I can enjoy a piano rendition if it’s well done and well executed–but it’s still not the same as going to an opera and experiencing the full staging.
We will repeat the piece in Basel, and in London in November. It’s also a very different room, but we’ll have the same speaker setup. It will be a bit more intimate because the room is smaller, but maybe also more condensed and concentrated because of that.
Of course, thinking of other venues or possibilities to repeat the piece would mean adapting it. But I’d be very happy to adapt things. Otherwise the piece doesn’t get played again.
Imagine you create a great piece–best case, you do something really strong–and then it never gets played again. That would be very sad.
That’s the reality of contemporary music. A lot of works are performed once… and that’s it.

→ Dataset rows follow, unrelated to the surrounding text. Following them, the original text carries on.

lemma infsum_UN_le_suminf_ennreal:
  fixes g :: "'b \<Rightarrow> ennreal"
  shows "infsum g (\<Union>i. A i) \<le> (\<Sum>i. infsum g (A i))"
proof -
  have "sum g F \<le> (\<Sum>i. infsum g (A i))" if F: "finite F" "F \<subseteq> (\<Union>i. A i)" for F
  proof -
    have "g x \<le> (\<Sum>i. if x \<in> A i then g x else 0)" if x: "x \<in> F" for x
    proof -
      obtain i where "x \<in> A i" using F x by blast
      then show ?thesis
        using sum_le_suminf[OF summableI, of "{i}" "\<lambda>i. if x \<in> A i then g x else 0"] by simp
    qed
    then have "sum g F \<le> (\<Sum>x\<in>F. \<Sum>i. if x \<in> A i then g x else 0)"
      by (rule sum_mono)
    also have "\<dots> = (\<Sum>i. sum g (F \<inter> A i))"
      by (simp add: suminf_sum sum.inter_restrict F(1))
    also have "\<dots> \<le> (\<Sum>i. infsum g (A i))"
      unfolding nonneg_infsum_complete[of "A _" g, simplified]
      using F(1) by (intro suminf_le SUP_upper) auto
    finally show ?thesis .
  qed
  then show ?thesis
    unfolding nonneg_infsum_complete[of "\<Union>i. A i" g, simplified] by (intro SUP_least) auto
qed

lemma suminf_geometric_ennreal: "0 \<le> e \<Longrightarrow> (\<Sum>i. ennreal (e / 2 ^ Suc i)) = ennreal e"
proof -
  assume "0 \<le> e"
  have "(\<lambda>i. e / 2 ^ Suc i) sums e"
    using sums_mult[OF power_half_series, of e] by (simp add: power_one_over)
  with \<open>0 \<le> e\<close> show ?thesis
    by (simp add: suminf_ennreal2 sums_summable sums_unique[symmetric])
qed

lemma bowen_ball_mono: "\<delta> \<le> \<delta>' \<Longrightarrow> bowen_ball f x n \<delta> \<subseteq> bowen_ball f x n \<delta>'"
  by (force simp: bowen_ball_def)

lemma bowen_ball_recentre:
  assumes "y \<in> bowen_ball f x n \<delta>" and "z \<in> bowen_ball f x n \<delta>"
  shows "z \<in> bowen_ball f y n (2 * \<delta>)"
  unfolding bowen_ball_def
proof (intro CollectI allI impI)
  fix k assume "k \<le> n"
  then have "dist ((f ^^ k) x) ((f ^^ k) y) < \<delta>" "dist ((f ^^ k) x) ((f ^^ k) z) < \<delta>"
    using assms by (auto simp: bowen_ball_def)
  then show "dist ((f ^^ k) y) ((f ^^ k) z) < 2 * \<delta>"
    using dist_triangle3[of "(f ^^ k) y" "(f ^^ k) z" "(f ^^ k) x"] by linarith
qed

lemma covers_antimono_level: "N \<le> N' \<Longrightarrow> covers f Z N' \<delta> \<subseteq> covers f Z N \<delta>"
  by (auto simp: covers_def)

lemma covers_mono_radius: "\<delta> \<le> \<delta>' \<Longrightarrow> covers f Z N \<delta> \<subseteq> covers f Z N \<delta>'"
  unfolding covers_def using bowen_ball_mono by fastforce

lemma covers_UN:
  assumes "\<And>i::nat. C i \<in> covers f (Z i) N \<delta>"
  shows "(\<Union>i. C i) \<in> covers f (\<Union>i. Z i) N \<delta>"
  using assms by (fastforce simp: covers_def)

lemma covers_recentre:
  assumes C: "C \<in> covers f Z N \<delta>" and "Z' \<subseteq> Z"
  obtains C' g where "C' \<subseteq> C"
    and "\<And>p. p \<in> C' \<Longrightarrow> g p \<in> bowen_ball f (fst p) (snd p) \<delta> \<inter> Z'"
    and "(\<lambda>p. (g p, snd p)) ` C' \<in> covers f Z' N (2 * \<delta>)"
proof
  define C' where "C' = {p \<in> C. bowen_ball f (fst p) (snd p) \<delta> \<inter> Z' \<noteq> {}}"
  define g where "g p = (SOME y. y \<in> bowen_ball f (fst p) (snd p) \<delta> \<inter> Z')" for p
  show "C' \<subseteq> C" by (auto simp: C'_def)
  show g: "g p \<in> bowen_ball f (fst p) (snd p) \<delta> \<inter> Z'" if "p \<in> C'" for p
    using that unfolding C'_def g_def by (metis (mono_tags, lifting) equals0I mem_Collect_eq someI_ex)
  have "Z' \<subseteq> (\<Union>(x, n)\<in>(\<lambda>p. (g p, snd p)) ` C'. bowen_ball f x n (2 * \<delta>))"
  proof
    fix z assume z: "z \<in> Z'"
    then obtain x n where xn: "(x, n) \<in> C" "z \<in> bowen_ball f x n \<delta>"
      using C \<open>Z' \<subseteq> Z\<close> by (auto simp: covers_def)
    then have "(x, n) \<in> C'" using z by (auto simp: C'_def)
    moreover have "z \<in> bowen_ball f (g (x, n)) n (2 * \<delta>)"
      using g[OF \<open>(x, n) \<in> C'\<close>] xn(2) by (auto intro: bowen_ball_recentre)
    ultimately show "z \<in> (\<Union>(x, n)\<in>(\<lambda>p. (g p, snd p)) ` C'. bowen_ball f x n (2 * \<delta>))"
      by force
  qed
  moreover have "countable C'" "C' \<subseteq> Z \<times> {N..}"
    using C by (auto simp: covers_def C'_def intro: countable_subset)
  ultimately show "(\<lambda>p. (g p, snd p)) ` C' \<in> covers f Z' N (2 * \<delta>)"
    using g unfolding covers_def by fastforce
qed

lemma cover_inf_mono_level: "N \<le> N' \<Longrightarrow> cover_inf f Z N \<delta> s \<psi> \<le> cover_inf f Z N' \<delta> s \<psi>"
  unfolding cover_inf_def by (rule INF_superset_mono[OF covers_antimono_level]) auto

lemma cover_inf_antimono_radius: "\<delta> \<le> \<delta>' \<Longrightarrow> cover_inf f Z N \<delta>' s \<psi> \<le> cover_inf f Z N \<delta> s \<psi>"
  unfolding cover_inf_def by (rule INF_superset_mono[OF covers_mono_radius]) auto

I’ve heard so many pieces that were super great and never got played again. And then you hear pieces that, from a subjective perspective, you think, »Yeah, it’s good music, but maybe not my thing«–and those get played all the time.
It doesn’t always have to do with quality. The world of contemporary music, of theater, of performing arts works in a different way. It relies much more on human interaction, on decisions being made. It’s a complex system that begins with education–with people writing books about music, turning every thought into theory, and constructing this big brain around it.
And in some way, we are all part of that brain.
How would you describe this piece to someone who doesn’t know anything about contemporary music? Why is it worth listening to?
I hope it’s a fun experience.
For someone who has never listened to contemporary music, it’s not a piece with a high entry barrier in terms of listening or knowledge. And it’s also a piece where you can meet musicians who have a lot of experience performing highly complex music–but who make it sound very easy.
So I think it can be a very pleasant thing. It will definitely be freaky and trippy–that’s for sure. But it’s not a piece that’s completely outside of our world. It’s something many people can connect to.